According to my sources, Obama signed off on the Pentagon's proposed changes on Wednesday September 16 and planned to announce them on Friday September 18. This schedule would give the White House time to dispatch U.S. delegations to Prague and Warsaw to inform the Czech and Polish authorities that the administration was altering its missile defense policy.
But as is often the case in Washington, word of the decision leaked overnight on Wednesday, forcing the White House to move its roll out of the new policy forward by a day.
The symbolism of making the announcement on September 17, the 70th anniversary of the 1939 Soviet invasion of Poland, was unfortunate. And in the interim between the leaks and Obama's official announcement, the White House briefly lost control of the story as it made its way through the European news cycle.
By the time of Obama's announcement Thursday morning in Washington -- which was already Thursday evening in Europe -- perceptions had already set in that Obama had abandoned missile defense.
As Gregory Feifer notes in his post yesterday, this led to triumphalism and crowing in Moscow about how the Kremlin forced Washington to back down on its plans. It also caused deep concern in Eastern Europe that the Obama was abandoning the Czechs and Poles in the face of an increasingly assertive Russia.
I spoke to James Goldgeier, a senior fellow the Council on Foreign Relations and co-author of the book "America Between the Wars: From 11/9 to 9/11," shortly after Obama spoke on Thursday:
It is unfortunate that the president, secretary of defense, and [Vice Chairman of the Joint Chiefs of Staff] General [James] Cartwright didn't speak [on Wednesday] because they were very clear in presenting the decision that the administration has made -- which is to construct a missile defense against Iran. But unfortunately for the administration -- because the decision was to do something different than the deployment in Poland and the Czech Republic -- the story that was out this morning on CNN and wires was 'Obama Scraps Missile Defense' or 'Obama Shelves Missile Defense Shield.' And that was incorrect.
It was indeed incorrect. But it was also this incorrect interpretation everybody -- including the Russians -- reacted to. And it will be very difficult for Moscow to walk back their lavish praise of Obama's decision now without looking rather silly.
It is hard -- if not impossible -- to view what Obama, Defense Secretary Robert Gates, and General Cartwright
announced on Thursday as a climb down.
The previous plan, to place an advanced radar in the Czech Republic and 10 interceptor missiles in Poland, was designed to counter a long-range Iranian missile threat that the Pentagon has concluded will not materialize nearly as quickly as they had previously feared.
Instead, the threat from Iran today stems from their development and acquisition of short and intermediate-range missiles that can already strike Europe.

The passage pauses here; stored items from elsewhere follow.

lemma strict_mono_on_fib_continuation: "strict_mono_on {1..} (fib_continuation h)"
proof (rule strict_mono_onI)
  fix x y :: real assume "x \<in> {1..}" "y \<in> {1..}" "x < y"
  define n m where "n = nat \<lfloor>x\<rfloor>" and "m = nat \<lfloor>y\<rfloor>"
  have nm: "1 \<le> n" "1 \<le> m"
    using \<open>x \<in> {1..}\<close> \<open>y \<in> {1..}\<close> unfolding n_def m_def by (simp_all add: le_nat_iff le_floor_iff)
  have "n \<le> m" using \<open>x < y\<close> unfolding n_def m_def by (simp add: floor_mono nat_mono)
  have "real n + frac x = x" "real m + frac y = y"
    using \<open>x \<in> {1..}\<close> \<open>y \<in> {1..}\<close> nat_floor_add_frac unfolding n_def m_def by auto
  have fr: "frac x \<in> {0..1}" "frac y \<in> {0..1}" using frac_ge_0 frac_lt_1 less_imp_le by auto
  have fx: "fib_continuation h x = real (FF n) + real (FF (n - 1)) * h (frac x)"
    and fy: "fib_continuation h y = real (FF m) + real (FF (m - 1)) * h (frac y)"
    using fib_continuation_nat_add[OF nm(1) fr(1)] fib_continuation_nat_add[OF nm(2) fr(2)]
      \<open>real n + frac x = x\<close> \<open>real m + frac y = y\<close> by simp_all
  show "fib_continuation h x < fib_continuation h y"
  proof (cases "n = m")
    case True
    then have "frac x < frac y" using \<open>real n + frac x = x\<close> \<open>real m + frac y = y\<close> \<open>x < y\<close> by simp
    then have "h (frac x) < h (frac y)"
      using h fr unfolding unit_homeo_def by (auto intro: strict_mono_onD)
    then show ?thesis using fx fy True FF_pos[of "n - 1"] by simp
  next
    case False
    have "h (frac x) < 1"
      using unit_homeo_le_iff[OF h, of 1 "frac x"] h fr frac_lt_1[of x] unfolding unit_homeo_def by auto
    then have "fib_continuation h x < real (FF (Suc n))"
      using fx FF_Suc_pred[OF nm(1)] FF_pos[of "n - 1"] by simp
    also have "\<dots> \<le> real (FF m)" using FF_mono[of "Suc n" m] \<open>n \<le> m\<close> False by simp
    also have "\<dots> \<le> fib_continuation h y" using fy unit_homeo_range[OF h, of "frac y"] fr by simp
    finally show ?thesis .
  qed
qed
text \<open>Write \<open>L = ln b\<close> and \<open>M = ln (2 log\<^sub>b n)\<close>, so that \<open>L\<gamma>/2 = ln n - M\<close>.
  Taking logarithms, \<open>ln n! \<ge> n ln n - n\<close>, the part factorials contribute at most
  \<open>(n + k) M - n\<close> since every part has fewer than \<open>\<gamma> + 2 \<le> e\<^sup>M\<close> vertices, the exponent
  satisfies \<open>2f \<le> n (n/k - 1) + k\<close>, and \<open>k\<^sub>1! k\<^sub>2! \<le> n\<^sup>k\<close>. Because \<open>n/k \<le> \<gamma> - \<theta>\<close>,
  the terms of order \<open>n log n\<close> cancel and
  \<open>ln (\<mu>\<^sub>k/(k\<^sub>1! k\<^sub>2!)) \<ge> L\<theta>n/2 + Ln/2 - k (M + L + ln n)\<close>.
  With \<open>k \<le> n/(\<gamma> - 1 - \<epsilon>) + 1\<close> the last term is \<open>Ln/2 + o(n)\<close>.\<close>

lemma ln_fact_ge: "real m * ln (real m) - real m \<le> ln (fact m)"
proof (induction m)
  case 0
  then show ?case by simp
next
  case (Suc m)
  have step: "real m * ln (real m + 1) \<le> real m * ln (real m) + 1"
  proof (cases "m = 0")
    case False
    then have m: "real m > 0" by simp
    have "ln ((real m + 1) / real m) \<le> (real m + 1) / real m - 1"
      using m by (intro ln_le_minus_one) simp
    then have "ln (real m + 1) - ln (real m) \<le> 1 / real m"
      using m by (simp add: ln_div field_simps)
    then have "real m * (ln (real m + 1) - ln (real m)) \<le> 1"
      using m by (simp add: field_simps)
    then show ?thesis by (simp add: algebra_simps)
  qed simp
  have "ln (fact (Suc m)) = ln (real m + 1) + ln (fact m)"
    by (simp add: ln_mult add.commute)
  with Suc step show ?case by (simp add: algebra_simps)
qed

lemma ln_fact_le: "ln (fact m) \<le> (real m + 1) * ln (real m + 1) - real m"
proof (induction m)
  case 0
  then show ?case by simp
next
  case (Suc m)
  have "ln ((real m + 1) / (real m + 2)) \<le> (real m + 1) / (real m + 2) - 1"
    by (intro ln_le_minus_one) simp
  then have "1 / (real m + 2) \<le> ln (real m + 2) - ln (real m + 1)"
    by (simp add: ln_div field_simps)
  then have step: "1 \<le> (real m + 2) * (ln (real m + 2) - ln (real m + 1))"
    by (simp add: field_simps)
  have "ln (fact (Suc m)) = ln (real m + 1) + ln (fact m)"
    by (simp add: ln_mult add.commute)
  with Suc step show ?case by (simp add: algebra_simps)
qed

lemma ln_fact_le_of_ln_le:
  assumes "ln (real m + 1) \<le> M"
  shows "ln (fact m) \<le> (real m + 1) * M - real m"
  using ln_fact_le[of m] mult_left_mono[OF assms, of "real m + 1"] by (simp add: algebra_simps)

lemma ln_fact_mult_fact_le:
  assumes "r + s \<le> n"
  shows "ln (fact r * fact s) \<le> real (r + s) * ln (real n)"
proof -
  have "fact r * fact s \<le> (fact (r + s) :: nat)"
    by (intro dvd_imp_le fact_fact_dvd_fact) simp
  then have "fact r * fact s \<le> (fact (r + s) :: real)"
    by (metis of_nat_fact of_nat_le_iff of_nat_mult)
  also have "\<dots> \<le> real ((r + s) ^ (r + s))"
    by (rule fact_le_power)
  also have "\<dots> \<le> real n ^ (r + s)"
    using assms by (simp add: power_mono)
  finally have "ln (fact r * fact s) \<le> ln (real n ^ (r + s))"
    by (intro ln_mono) (auto simp: add_pos_pos)
  then show ?thesis
    by (simp add: ln_realpow)
qed

lemma real_choose_two: "real (m choose 2) = real m * (real m - 1) / 2"
  by (induction m) (simp_all add: numeral_2_eq_2 field_simps)

lemma nat_ceiling_divide_of_nat:
  assumes "0 < k" "n mod k \<noteq> 0"
  shows "nat \<lceil>real n / real k\<rceil> = n div k + 1"
proof -
  have "real n / real k = real (n div k) + real (n mod k) / real k"
    using assms(1) by (simp add: field_simps flip: of_nat_mult of_nat_add)
  moreover have "0 < real (n mod k) / real k" "real (n mod k) / real k < 1"
    using assms by simp_all
  ultimately have "\<lceil>real n / real k\<rceil> = int (n div k) + 1"
    by (intro ceiling_unique) auto
  then show ?thesis by simp
qed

In the short term, the administration plans to deploy dozens of SM-3 interceptors using the sea-based Aegis system as soon as 2011.
The system will be upgraded in 2015 and will include interceptors based on sea and land -- possibly even in Poland and the Czech Republic. A more advanced system would be built in 2018 and 2020, with the capability to intercept long-range Iranian missiles, should that need arise.
In place of the sophisticated radar the Bush administration planned for the Czech Republic, White House officials say they would use a more modest version that would be located in Turkey or the Caucasus.
Goldgeier described the administration's decision as based on "the threat we see" and "the best technology we can deploy against that threat."
Do General Makarov's tough comments today mean that Russia is about to take a harder line on the new U.S. plan? We should probably have a better idea when Obama meets Russian President Dmitry Medvedev in New York later this week on the sidelines of the UN General Assembly.